Your task is to find every line of the data that holds the string "given" and copy it.

Stored items
----
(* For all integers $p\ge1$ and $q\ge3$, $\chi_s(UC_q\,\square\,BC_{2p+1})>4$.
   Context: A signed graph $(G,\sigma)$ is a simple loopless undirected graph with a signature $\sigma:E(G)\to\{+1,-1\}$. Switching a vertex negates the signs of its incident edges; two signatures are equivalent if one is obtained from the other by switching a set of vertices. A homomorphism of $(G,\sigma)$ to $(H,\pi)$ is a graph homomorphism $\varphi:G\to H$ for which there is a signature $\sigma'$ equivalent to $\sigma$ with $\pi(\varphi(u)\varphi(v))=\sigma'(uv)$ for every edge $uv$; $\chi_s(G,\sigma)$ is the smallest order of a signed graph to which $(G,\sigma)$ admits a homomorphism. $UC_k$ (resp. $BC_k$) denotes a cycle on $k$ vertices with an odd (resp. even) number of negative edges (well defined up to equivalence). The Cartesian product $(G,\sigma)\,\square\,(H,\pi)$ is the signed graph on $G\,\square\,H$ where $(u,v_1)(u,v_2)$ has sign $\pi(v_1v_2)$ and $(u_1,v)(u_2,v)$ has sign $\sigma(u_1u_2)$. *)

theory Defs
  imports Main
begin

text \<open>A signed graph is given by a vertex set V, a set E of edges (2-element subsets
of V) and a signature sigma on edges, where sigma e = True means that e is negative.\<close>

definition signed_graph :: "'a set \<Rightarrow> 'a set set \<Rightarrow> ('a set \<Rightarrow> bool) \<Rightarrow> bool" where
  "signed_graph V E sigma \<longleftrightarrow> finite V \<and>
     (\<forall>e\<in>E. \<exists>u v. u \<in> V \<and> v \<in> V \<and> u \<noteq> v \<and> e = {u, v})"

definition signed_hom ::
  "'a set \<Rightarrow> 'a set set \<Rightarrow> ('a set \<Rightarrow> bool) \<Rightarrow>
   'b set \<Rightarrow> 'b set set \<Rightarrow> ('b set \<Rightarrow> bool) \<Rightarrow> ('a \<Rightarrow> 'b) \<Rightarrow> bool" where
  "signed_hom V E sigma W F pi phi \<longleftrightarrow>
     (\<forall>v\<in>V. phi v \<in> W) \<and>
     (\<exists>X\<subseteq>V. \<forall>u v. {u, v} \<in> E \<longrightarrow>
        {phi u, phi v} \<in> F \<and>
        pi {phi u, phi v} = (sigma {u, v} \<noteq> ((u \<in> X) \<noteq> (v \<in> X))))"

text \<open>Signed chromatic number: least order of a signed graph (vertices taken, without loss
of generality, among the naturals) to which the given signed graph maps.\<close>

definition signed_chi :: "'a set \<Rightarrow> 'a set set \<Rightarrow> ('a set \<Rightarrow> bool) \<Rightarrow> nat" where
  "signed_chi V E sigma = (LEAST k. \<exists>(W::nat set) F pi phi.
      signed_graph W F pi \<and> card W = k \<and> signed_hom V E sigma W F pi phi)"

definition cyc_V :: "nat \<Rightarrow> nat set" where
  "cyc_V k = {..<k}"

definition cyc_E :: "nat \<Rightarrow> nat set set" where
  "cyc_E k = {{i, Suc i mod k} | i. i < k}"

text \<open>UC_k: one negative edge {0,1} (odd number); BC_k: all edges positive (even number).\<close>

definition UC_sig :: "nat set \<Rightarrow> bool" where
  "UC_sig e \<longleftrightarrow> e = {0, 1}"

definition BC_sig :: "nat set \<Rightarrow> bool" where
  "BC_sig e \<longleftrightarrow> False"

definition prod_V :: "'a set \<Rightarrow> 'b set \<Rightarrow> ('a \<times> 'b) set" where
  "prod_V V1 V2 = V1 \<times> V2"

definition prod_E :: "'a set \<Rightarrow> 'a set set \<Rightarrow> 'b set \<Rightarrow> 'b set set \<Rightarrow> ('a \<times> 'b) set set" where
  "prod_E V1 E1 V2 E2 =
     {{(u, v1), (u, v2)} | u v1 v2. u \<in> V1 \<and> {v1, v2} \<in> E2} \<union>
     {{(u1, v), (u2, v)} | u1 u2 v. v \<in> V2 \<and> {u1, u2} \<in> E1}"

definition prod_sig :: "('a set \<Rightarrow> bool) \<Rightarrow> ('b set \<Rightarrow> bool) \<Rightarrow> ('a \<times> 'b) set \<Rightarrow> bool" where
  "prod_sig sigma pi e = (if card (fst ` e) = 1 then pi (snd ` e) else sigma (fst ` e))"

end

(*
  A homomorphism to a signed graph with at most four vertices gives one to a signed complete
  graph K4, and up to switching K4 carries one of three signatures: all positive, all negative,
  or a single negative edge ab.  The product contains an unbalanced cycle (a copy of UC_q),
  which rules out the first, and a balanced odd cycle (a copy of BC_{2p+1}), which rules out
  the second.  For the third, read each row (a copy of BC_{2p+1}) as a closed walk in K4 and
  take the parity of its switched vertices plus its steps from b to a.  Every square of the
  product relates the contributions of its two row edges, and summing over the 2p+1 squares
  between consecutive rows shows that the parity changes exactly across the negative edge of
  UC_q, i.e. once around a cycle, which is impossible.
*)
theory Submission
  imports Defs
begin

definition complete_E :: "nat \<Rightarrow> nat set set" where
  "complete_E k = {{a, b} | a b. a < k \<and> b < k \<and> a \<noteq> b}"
----
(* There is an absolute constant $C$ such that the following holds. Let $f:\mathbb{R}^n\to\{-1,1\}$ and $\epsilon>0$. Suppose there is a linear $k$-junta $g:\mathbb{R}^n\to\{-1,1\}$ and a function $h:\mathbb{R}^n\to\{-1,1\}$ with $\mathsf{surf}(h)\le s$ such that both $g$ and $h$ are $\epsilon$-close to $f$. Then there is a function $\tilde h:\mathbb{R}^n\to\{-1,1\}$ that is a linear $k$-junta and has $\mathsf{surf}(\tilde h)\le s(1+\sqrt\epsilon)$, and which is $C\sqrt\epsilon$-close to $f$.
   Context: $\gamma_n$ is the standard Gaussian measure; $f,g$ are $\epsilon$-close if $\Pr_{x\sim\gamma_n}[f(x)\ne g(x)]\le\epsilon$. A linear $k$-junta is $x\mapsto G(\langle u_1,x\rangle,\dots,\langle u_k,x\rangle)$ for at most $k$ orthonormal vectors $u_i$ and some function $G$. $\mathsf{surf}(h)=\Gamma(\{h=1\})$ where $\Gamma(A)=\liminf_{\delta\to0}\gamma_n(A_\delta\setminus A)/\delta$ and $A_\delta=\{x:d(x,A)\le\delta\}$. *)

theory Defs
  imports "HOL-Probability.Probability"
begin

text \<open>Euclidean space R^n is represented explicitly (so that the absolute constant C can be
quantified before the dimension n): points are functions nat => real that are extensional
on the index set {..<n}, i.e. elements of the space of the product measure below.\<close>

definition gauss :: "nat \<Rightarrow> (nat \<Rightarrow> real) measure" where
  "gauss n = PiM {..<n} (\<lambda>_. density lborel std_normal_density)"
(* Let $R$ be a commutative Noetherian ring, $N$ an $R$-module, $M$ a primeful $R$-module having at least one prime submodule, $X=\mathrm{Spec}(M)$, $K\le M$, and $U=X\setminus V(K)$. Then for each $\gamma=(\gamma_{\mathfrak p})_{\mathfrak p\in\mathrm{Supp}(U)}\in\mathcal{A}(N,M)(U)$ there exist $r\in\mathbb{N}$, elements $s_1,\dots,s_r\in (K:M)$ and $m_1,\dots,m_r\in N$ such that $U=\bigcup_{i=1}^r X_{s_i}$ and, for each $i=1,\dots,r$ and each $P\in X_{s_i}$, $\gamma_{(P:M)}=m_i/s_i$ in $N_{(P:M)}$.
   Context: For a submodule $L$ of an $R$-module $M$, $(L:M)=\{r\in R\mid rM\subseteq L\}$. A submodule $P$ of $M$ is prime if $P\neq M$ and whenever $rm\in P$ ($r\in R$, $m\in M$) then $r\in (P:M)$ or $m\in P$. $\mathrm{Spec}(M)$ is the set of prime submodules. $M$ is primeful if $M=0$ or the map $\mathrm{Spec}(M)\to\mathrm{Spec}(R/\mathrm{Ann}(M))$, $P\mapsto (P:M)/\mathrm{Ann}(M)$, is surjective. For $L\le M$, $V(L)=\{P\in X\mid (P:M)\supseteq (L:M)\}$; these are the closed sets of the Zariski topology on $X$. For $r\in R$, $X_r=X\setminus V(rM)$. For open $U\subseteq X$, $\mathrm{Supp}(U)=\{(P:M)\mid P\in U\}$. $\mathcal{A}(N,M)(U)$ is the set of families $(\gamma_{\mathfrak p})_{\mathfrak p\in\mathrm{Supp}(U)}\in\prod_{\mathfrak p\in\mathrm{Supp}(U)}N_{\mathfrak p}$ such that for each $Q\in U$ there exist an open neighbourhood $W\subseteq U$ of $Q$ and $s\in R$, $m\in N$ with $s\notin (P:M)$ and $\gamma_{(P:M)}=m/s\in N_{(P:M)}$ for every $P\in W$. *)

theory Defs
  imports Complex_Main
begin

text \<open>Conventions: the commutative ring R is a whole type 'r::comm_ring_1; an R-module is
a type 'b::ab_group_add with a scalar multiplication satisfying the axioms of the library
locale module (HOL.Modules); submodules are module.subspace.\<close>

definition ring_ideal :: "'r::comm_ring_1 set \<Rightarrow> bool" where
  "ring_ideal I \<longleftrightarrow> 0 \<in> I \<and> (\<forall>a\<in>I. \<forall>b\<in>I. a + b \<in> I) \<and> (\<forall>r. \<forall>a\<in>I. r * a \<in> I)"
----
(The answer):
text \<open>A signed graph is given by a vertex set V, a set E of edges (2-element subsets
of generality, among the naturals) to which the given signed graph maps.\<close>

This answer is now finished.